Bug 1889616

Summary:	[RFE] Implement 2 pods per noobaa component (core and db)
Product:	[Red Hat Storage] Red Hat OpenShift Container Storage	Reporter:	Manjunatha <mmanjuna>
Component:	Multi-Cloud Object Gateway	Assignee:	Nimrod Becker <nbecker>
Status:	CLOSED DUPLICATE	QA Contact:	Raz Tamir <ratamir>
Severity:	medium	Docs Contact:
Priority:	medium
Version:	4.5	CC:	amanzane, assingh, bkunal, ddomingu, etamir, hnallurv, nbecker, nberry, ocs-bugs, owasserm, rui.moura
Target Milestone:	---	Keywords:	FutureFeature
Target Release:	---	Flags:	mmanjuna: needinfo?
Hardware:	All
OS:	Linux
Whiteboard:
Fixed In Version:		Doc Type:	If docs needed, set a value
Doc Text:		Story Points:	---
Clone Of:		Environment:
Last Closed:	2021-04-05 12:53:41 UTC	Type:	Bug
Regression:	---	Mount Type:	---
Documentation:	---	CRM:
Verified Versions:		Category:	---
oVirt Team:	---	RHEL 7.3 requirements from Atomic Host:
Cloudforms Team:	---	Target Upstream Version:
Embargoed:

Description Manjunatha 2020-10-20 08:22:33 UTC

Description of problem (please be detailed as possible and provide log
snippests):
Support to have at least 2 pods per noobaa component (endpoint, core and db). Because K8S spinning a new pod could last up to 10 minutes and those 10 minutes means with a whole object storage downtime (PUT and GET requests).

Comment 4 Nimrod Becker 2020-10-20 08:49:33 UTC

4.6 is at dev freeze, as an RFE it should move to 4.7

Comment 5 Neha Berry 2020-10-20 19:04:05 UTC

@nimrod is the ask in this BZ different than Bug 1874243 -  [RFE] Noobaa resources are impacted with a downtime during admin operations, such as upgrade, due to no HA for noobaa-core and noobaa-db

Comment 6 Nimrod Becker 2020-10-21 06:35:01 UTC

In its core, the solution would be the same, the other bug talks about admin ops, this one about failure. But the same solution would apply.

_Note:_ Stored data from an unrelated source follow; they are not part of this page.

(* Let $g\ge2$, let $p$ be a prime with $p\equiv1\pmod{4g}$, and let $K$ be a field of characteristic zero. Let $u(T)$ be the unique element of $1+T^{-1}\mathbb{Z}[[T^{-1}]]$ with $u(T)^{2g}-u(T)^{2g-1}+T^{-4g}=0$, and set $x(T)=T^2u(T)$ and $y(T)=-T\,x(T)^g$ in $\mathbb{Z}[[T^{-1}]][T]\subset K((T^{-1}))$. Let $A$ be the $K$-subalgebra of $K((T^{-1}))$ generated by $x(T)$ and $y(T)$. Then there exist $e_0\in\mathbb{Z}_{(p)}^*$, $a(T)\in A\cap\mathbb{Z}[[T^{-1}]][T]$ and $g(T)\in T^{-1}\mathbb{Z}[[T^{-1}]]$ such that $$T^p-e_0T=a(T)+g(T).$$
   Context: $\mathbb{Z}_{(p)}^*$ denotes the units of the localization of $\mathbb{Z}$ at $p$ (i.e. $p$-adic units in $\mathbb{Q}$). Note $y(T)^2=x(T)^{2g+1}+x(T)$, so $A\cong K[x,y]/(y^2-x^{2g+1}-x)$. *)

theory Defs
  imports "HOL-Computational_Algebra.Computational_Algebra" "HOL-Number_Theory.Number_Theory"
begin

text \<open>We work in K((S)) with S = T^(-1), i.e. the formal Laurent series ring 'a fls,
  where fls_X is S = T^(-1) and fls_X_inv is T.\<close>

text \<open>Coefficients are integers: Z[[T^-1]][T] inside K((T^-1)).\<close>
definition int_coeffs :: "'a::ring_1 fls \<Rightarrow> bool" where
  "int_coeffs f \<longleftrightarrow> (\<forall>n. fls_nth f n \<in> \<int>)"

definition in_Tinv_Z_Tinv :: "'a::ring_1 fls \<Rightarrow> bool" where
  "in_Tinv_Z_Tinv f \<longleftrightarrow> int_coeffs f \<and> (\<forall>n\<le>0. fls_nth f n = 0)"

definition in_one_plus_Tinv_Z_Tinv :: "'a::ring_1 fls \<Rightarrow> bool" where
  "in_one_plus_Tinv_Z_Tinv f \<longleftrightarrow> in_Tinv_Z_Tinv (f - 1)"

inductive_set subalg_gen :: "'a::field fls set \<Rightarrow> 'a fls set" for G where
  const: "fls_const c \<in> subalg_gen G"
| gen: "f \<in> G \<Longrightarrow> f \<in> subalg_gen G"
| add: "f \<in> subalg_gen G \<Longrightarrow> h \<in> subalg_gen G \<Longrightarrow> f + h \<in> subalg_gen G"
| mult: "f \<in> subalg_gen G \<Longrightarrow> h \<in> subalg_gen G \<Longrightarrow> f * h \<in> subalg_gen G"

definition Zp_unit :: "nat \<Rightarrow> rat \<Rightarrow> bool" where
  "Zp_unit p e \<longleftrightarrow> (\<exists>a b::int. b \<noteq> 0 \<and> e = of_int a / of_int b \<and>
      \<not> int p dvd a \<and> \<not> int p dvd b)"

end

theory Submission
  imports Defs
begin

unbundle fps_syntax

text \<open>Write p = 2N + 1 with N = 2gk, and put M = x^(2g). Multiplied by T^(4g), the equation
  for u says T^2 x^(2g-1) = M + 1. Raising this to the N-th power and using
  (x^(2g-1))^N = M^j0 with j0 = (2g-1)k gives T^p = \<Sum>j\<le>N. (N choose j) T M^(j-j0).
  For j > j0 the summand is -(N choose j) y x^(g(2(j-j0)-1)), which lies in A; for j < j0 it
  has order at least 4g - 1 in T^-1; and the middle summand is e0 T with e0 = N choose j0,
  which is prime to p because N < p.\<close>

lemma int_coeffs_add: "int_coeffs f \<Longrightarrow> int_coeffs g \<Longrightarrow> int_coeffs (f + g)"
  unfolding int_coeffs_def by auto

lemma int_coeffs_diff: "int_coeffs f \<Longrightarrow> int_coeffs g \<Longrightarrow> int_coeffs (f - g)"
  unfolding int_coeffs_def by auto

lemma int_coeffs_mult:
  fixes f g :: "'a::comm_ring_1 fls"
  shows "int_coeffs f \<Longrightarrow> int_coeffs g \<Longrightarrow> int_coeffs (f * g)"
  unfolding int_coeffs_def by (auto simp: fls_times_nth(1))

lemma int_coeffs_one: "int_coeffs 1"
  unfolding int_coeffs_def by auto

lemma int_coeffs_of_nat: "int_coeffs (of_nat n)"
  unfolding int_coeffs_def by (simp add: fls_of_nat_nth)

lemma int_coeffs_fls_X_inv: "int_coeffs fls_X_inv"
  unfolding int_coeffs_def by auto

lemma int_coeffs_power:
  fixes f :: "'a::comm_ring_1 fls"
  shows "int_coeffs f \<Longrightarrow> int_coeffs (f ^ n)"
  by (induction n) (auto intro: int_coeffs_mult int_coeffs_one)

lemma int_coeffs_sum: "(\<And>i. i \<in> S \<Longrightarrow> int_coeffs (F i)) \<Longrightarrow> int_coeffs (sum F S)"
  unfolding int_coeffs_def by (auto simp: fls_nth_sum)

lemma of_nat_in_subalg_gen: "of_nat n \<in> subalg_gen G"
  using subalg_gen.const[of "of_nat n"] by (simp add: fls_of_nat)

lemma subalg_gen_power: "f \<in> subalg_gen G \<Longrightarrow> f ^ n \<in> subalg_gen G"
  by (induction n) (auto intro: subalg_gen.mult of_nat_in_subalg_gen[of 1, simplified])

lemma subalg_gen_sum: "(\<And>i. i \<in> S \<Longrightarrow> F i \<in> subalg_gen G) \<Longrightarrow> sum F S \<in> subalg_gen G"
  by (induction S rule: infinite_finite_induct)
     (auto intro: subalg_gen.add of_nat_in_subalg_gen[of 0, simplified])

lemma subalg_gen_uminus: "f \<in> subalg_gen G \<Longrightarrow> - f \<in> subalg_gen G"
  using subalg_gen.mult[OF subalg_gen.const[of "-1"]] by (simp add: fls_const_mult_const[symmetric])

lemma Zp_unit_of_nat: "prime p \<Longrightarrow> \<not> p dvd n \<Longrightarrow> Zp_unit p (of_nat n)"
  unfolding Zp_unit_def
  by (rule exI[of _ "int n"], rule exI[of _ 1]) (auto simp: prime_gt_1_nat)

lemma prime_not_dvd_binomial:
  assumes "prime p" "n < p" "k \<le> n"
  shows "\<not> p dvd (n choose k)"
proof
  assume "p dvd (n choose k)"
  then have "p dvd fact n"
    using binomial_fact_lemma[OF \<open>k \<le> n\<close>] by (metis dvd_trans dvd_triv_right)
  with assms show False by (simp add: prime_dvd_fact_iff)
qed

lemma sum_atMost_split_at:
  "j \<le> n \<Longrightarrow> (\<Sum>i\<le>n. f i) = (\<Sum>i<j. f i) + f j + (\<Sum>i\<in>{Suc j..n}. f i)"
proof -
  assume "j \<le> n"
  then have "{..n} = {..<j} \<union> insert j {Suc j..n}" by auto
  moreover have "{..<j} \<inter> {Suc j..n} = {}" by auto
  ultimately show ?thesis by (simp add: sum.union_disjoint add_ac)
qed

lemma fls_X_inv_curve_equation:
  fixes u :: "'a::field fls"
  assumes u: "u ^ (2*g) - u ^ (2*g - 1) + fls_X ^ (4*g) = 0" and "2*g = Suc m"
  defines "x \<equiv> fls_X_inv ^ 2 * u"
  shows "fls_X_inv ^ 2 * x ^ m = x ^ Suc m + 1"
proof -
  let ?T = "fls_X_inv :: 'a fls"
  have "4*g = 2 * Suc m"
    using \<open>2*g = Suc m\<close> by simp
  then have "?T ^ (4*g) = (?T ^ 2) ^ Suc m"
    by (simp only: power_mult)
  then have "?T ^ (4*g) * (u ^ (2*g) - u ^ (2*g - 1) + fls_X ^ (4*g))
      = x ^ Suc m - ?T ^ 2 * x ^ m + (?T * fls_X) ^ (4*g)"
    using \<open>2*g = Suc m\<close> unfolding x_def by (simp add: algebra_simps)
  with u have "x ^ Suc m - fls_X_inv ^ 2 * x ^ m + 1 = 0"
    by (simp add: fls_X_inv_times_conv_shift)
  then show ?thesis by (simp add: algebra_simps eq_neg_iff_add_eq_0)
qed

lemma binomial_expansion_odd_power:
  fixes T x :: "'a::field" and m k :: nat
  assumes curve: "T ^ 2 * x ^ m = x ^ Suc m + 1" and "x \<noteq> 0"
  defines "N \<equiv> Suc m * k" and "M \<equiv> x ^ Suc m"
  shows "T ^ (2*N + 1) = (\<Sum>j<m*k. of_nat (N choose j) * (T * M ^ j / M ^ (m*k)))
           + of_nat (N choose (m*k)) * T
           + (\<Sum>j\<in>{Suc (m*k)..N}. of_nat (N choose j) * (T * M ^ (j - m*k)))"
proof -
  have M_power: "M ^ (m*k) = (x ^ m) ^ N"
    unfolding M_def N_def by (metis power_mult mult.left_commute)
  have T_power: "T ^ (2*N + 1) = T * (T ^ 2) ^ N"
    by (simp add: power_mult)
  have "T ^ (2*N + 1) * M ^ (m*k) = T * (T ^ 2 * x ^ m) ^ N"
    by (simp only: T_power M_power power_mult_distrib mult.assoc)
  also have "\<dots> = T * (M + 1) ^ N"
    unfolding curve M_def ..
  finally have "T ^ (2*N + 1) * M ^ (m*k) = T * (M + 1) ^ N" .
  moreover have "M \<noteq> 0"
    using \<open>x \<noteq> 0\<close> unfolding M_def by simp
  ultimately have "T ^ (2*N + 1) = T * (M + 1) ^ N / M ^ (m*k)"
    by (simp add: eq_divide_eq)
  also have "\<dots> = (\<Sum>j\<le>N. of_nat (N choose j) * (T * M ^ j / M ^ (m*k)))"
      (is "_ = (\<Sum>j\<le>N. ?F j)")
    by (simp add: binomial_ring[of M 1] sum_distrib_left sum_divide_distrib mult_ac)
  also have "\<dots> = (\<Sum>j<m*k. ?F j) + ?F (m*k) + (\<Sum>j\<in>{Suc (m*k)..N}. ?F j)"
    by (rule sum_atMost_split_at) (simp add: N_def)
  also have "?F (m*k) = of_nat (N choose (m*k)) * T"
    using \<open>M \<noteq> 0\<close> by simp
  also have "(\<Sum>j\<in>{Suc (m*k)..N}. ?F j)
      = (\<Sum>j\<in>{Suc (m*k)..N}. of_nat (N choose j) * (T * M ^ (j - m*k)))"
    using \<open>M \<noteq> 0\<close> by (intro sum.cong) (simp_all add: power_diff)
  finally show ?thesis .
qed

lemma fls_X_inv_mult_power_div_nth_nonpos:
  fixes f :: "'a::field fls"
  assumes "fls_subdegree f \<le> -2" and "i < j" and "n \<le> 0"
  shows "(fls_X_inv * f ^ i / f ^ j) $$ n = 0"
proof (rule fls_eq0_below_subdegree)
  have "f \<noteq> 0"
    using assms(1) by auto
  then have "fls_subdegree (fls_X_inv * f ^ i / f ^ j) = (int j - int i) * - fls_subdegree f - 1"
    by (simp add: fls_divide_subdegree fls_subdegree_pow algebra_simps)
  moreover have "(int j - int i) * - fls_subdegree f \<ge> 1 * 2"
    using assms(1,2) by (intro mult_mono) auto
  ultimately show "n < fls_subdegree (fls_X_inv * f ^ i / f ^ j)"
    using assms(3) by simp
qed

lemma fls_X_inv_mult_power_in_subalg_gen:
  fixes x :: "'a::field fls"
  assumes "i \<ge> 1"
  shows "fls_X_inv * (x ^ (2*g)) ^ i \<in> subalg_gen {x, - fls_X_inv * x ^ g}"
proof -
  have "2*g*i = g + g*(2*i - 1)"
    using assms by (cases i) (simp_all add: algebra_simps)
  then have "fls_X_inv * (x ^ (2*g)) ^ i = - ((- fls_X_inv * x ^ g) * x ^ (g*(2*i - 1)))"
    by (simp flip: power_mult power_add)
  also have "\<dots> \<in> subalg_gen {x, - fls_X_inv * x ^ g}"
    by (intro subalg_gen_uminus subalg_gen.mult subalg_gen_power subalg_gen.gen) auto
  finally show ?thesis .
qed

lemma in_one_plus_Tinv_Z_Tinv_int_coeffs:
  "in_one_plus_Tinv_Z_Tinv u \<Longrightarrow> int_coeffs u"
  unfolding in_one_plus_Tinv_Z_Tinv_def in_Tinv_Z_Tinv_def
  using int_coeffs_add[of "u - 1" 1] int_coeffs_one by simp

lemma in_one_plus_Tinv_Z_Tinv_subdegree:
  fixes u :: "'a::ring_1 fls"
  assumes "in_one_plus_Tinv_Z_Tinv u"
  shows "u \<noteq> 0" and "fls_subdegree u = 0"
proof -
  have vanish: "(u - 1) $$ n = 0" if "n \<le> 0" for n
    using assms that unfolding in_one_plus_Tinv_Z_Tinv_def in_Tinv_Z_Tinv_def by blast
  then have "u $$ 0 = 1"
    by (metis fls_minus_nth fls_one_nth eq_iff_diff_eq_0 order_refl)
  then show "u \<noteq> 0" by auto
  have "u $$ n = 0" if "n < 0" for n
    using vanish[of n] that by simp
  with \<open>u $$ 0 = 1\<close> show "fls_subdegree u = 0"
    by (intro fls_subdegree_eqI) auto
qed

theorem lemma4p2:
  fixes g p :: nat and u :: "'a::field_char_0 fls"
  assumes "g \<ge> 2" and "prime p" and "[p = 1] (mod 4 * g)"
    and "in_one_plus_Tinv_Z_Tinv u"
    and "u ^ (2*g) - u ^ (2*g - 1) + fls_X ^ (4*g) = 0"
  shows "let T = (fls_X_inv :: 'a fls); x = T ^ 2 * u; y = - T * x ^ g;
           A = subalg_gen {x, y} in
         \<exists>e0 a h. Zp_unit p e0 \<and> a \<in> A \<and> int_coeffs a \<and> in_Tinv_Z_Tinv h \<and>
           T ^ p - fls_const (of_rat e0) * T = a + h"
proof -
  define T where "T = (fls_X_inv :: 'a fls)"
  define x where "x = T ^ 2 * u"
  define y where "y = - T * x ^ g"
  define m where "m = 2*g - 1"
  have two_g: "2*g = Suc m"
    using assms(1) by (simp add: m_def)
  have "p mod (4*g) = 1"
    using assms(1,3) unfolding cong_def by simp
  then obtain k where p: "p = 4*g*k + 1"
    using div_mult_mod_eq[of p "4*g"] by (metis mult.commute)
  define N where "N = Suc m * k"
  define M where "M = x ^ (2*g)"
  have "int_coeffs u" "u \<noteq> 0" "fls_subdegree u = 0"
    using in_one_plus_Tinv_Z_Tinv_int_coeffs[OF assms(4)]
      in_one_plus_Tinv_Z_Tinv_subdegree[OF assms(4)] by auto
  then have "int_coeffs T" "int_coeffs M" "x \<noteq> 0" "fls_subdegree M = - 4 * g"
    unfolding M_def x_def T_def
    by (auto simp: fls_subdegree_pow intro: int_coeffs_fls_X_inv int_coeffs_mult int_coeffs_power)
  have "T ^ 2 * x ^ m = x ^ Suc m + 1"
    using fls_X_inv_curve_equation[OF assms(5) two_g] unfolding T_def x_def .
  note expansion = binomial_expansion_odd_power[OF this \<open>x \<noteq> 0\<close>, of k]
  define h where "h = (\<Sum>j<m*k. of_nat (N choose j) * (T * M ^ j / M ^ (m*k)))"
  define a where "a = (\<Sum>j\<in>{Suc (m*k)..N}. of_nat (N choose j) * (T * M ^ (j - m*k)))"
  define e0 where "e0 = (of_nat (N choose (m*k)) :: rat)"
  have "p = 2*N + 1"
    unfolding p N_def two_g[symmetric] by simp
  with expansion have T_power: "T ^ p = h + of_nat (N choose (m*k)) * T + a"
    unfolding h_def a_def N_def M_def two_g by simp
  then have identity: "T ^ p - fls_const (of_rat e0) * T = a + h"
    unfolding e0_def by (simp add: fls_of_nat)
  have "Zp_unit p e0"
    unfolding e0_def using assms(2) \<open>p = 2*N + 1\<close>
    by (intro Zp_unit_of_nat prime_not_dvd_binomial) (auto simp: N_def)
  have "a \<in> subalg_gen {x, y}"
    unfolding a_def y_def M_def T_def
    by (intro subalg_gen_sum subalg_gen.mult of_nat_in_subalg_gen fls_X_inv_mult_power_in_subalg_gen) auto
  have "int_coeffs a"
    unfolding a_def using \<open>int_coeffs T\<close> \<open>int_coeffs M\<close>
    by (intro int_coeffs_sum int_coeffs_mult int_coeffs_of_nat int_coeffs_power)
  have "h = T ^ p - of_nat (N choose (m*k)) * T - a"
    using T_power by simp
  then have "int_coeffs h"
    using \<open>int_coeffs T\<close> \<open>int_coeffs a\<close>
    by (simp add: int_coeffs_diff int_coeffs_mult int_coeffs_power int_coeffs_of_nat)
  moreover have "h $$ n = 0" if "n \<le> 0" for n
    unfolding h_def T_def fls_nth_sum fls_mult_of_nat_nth
    using \<open>fls_subdegree M = - 4 * g\<close> assms(1) that
    by (intro sum.neutral ballI) (simp add: fls_X_inv_mult_power_div_nth_nonpos)
  ultimately have "in_Tinv_Z_Tinv h"
    unfolding in_Tinv_Z_Tinv_def by blast
  show ?thesis
    unfolding Let_def T_def[symmetric] x_def[symmetric] y_def[symmetric]
    using \<open>Zp_unit p e0\<close> \<open>a \<in> subalg_gen {x, y}\<close> \<open>int_coeffs a\<close> \<open>in_Tinv_Z_Tinv h\<close> identity
    by blast
qed

end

Comment 7 Orit Wasserman 2020-12-01 07:27:19 UTC

Hi,
We are trying very hard to reduce OCS footprint, doubling Noobaa pods is going in the opposite direction.
Any addition of pods or resources to OCS should be consulted and agreed with the OCS architects.

I would recommend focusing on reducing the time it takes to detect a failure and respining a new Nooba pod. The Rook team successfully reduced the OSD pods respin to less than a minute, where most of the time spent was related to detach/attach PVs.

There is a misconception that having 2 instances will make recovery faster but if you take into account the failure detection period, the failover and the time required to make sure the other instance is down, you may find it is higher than respining a new pod.

Regards,
Orit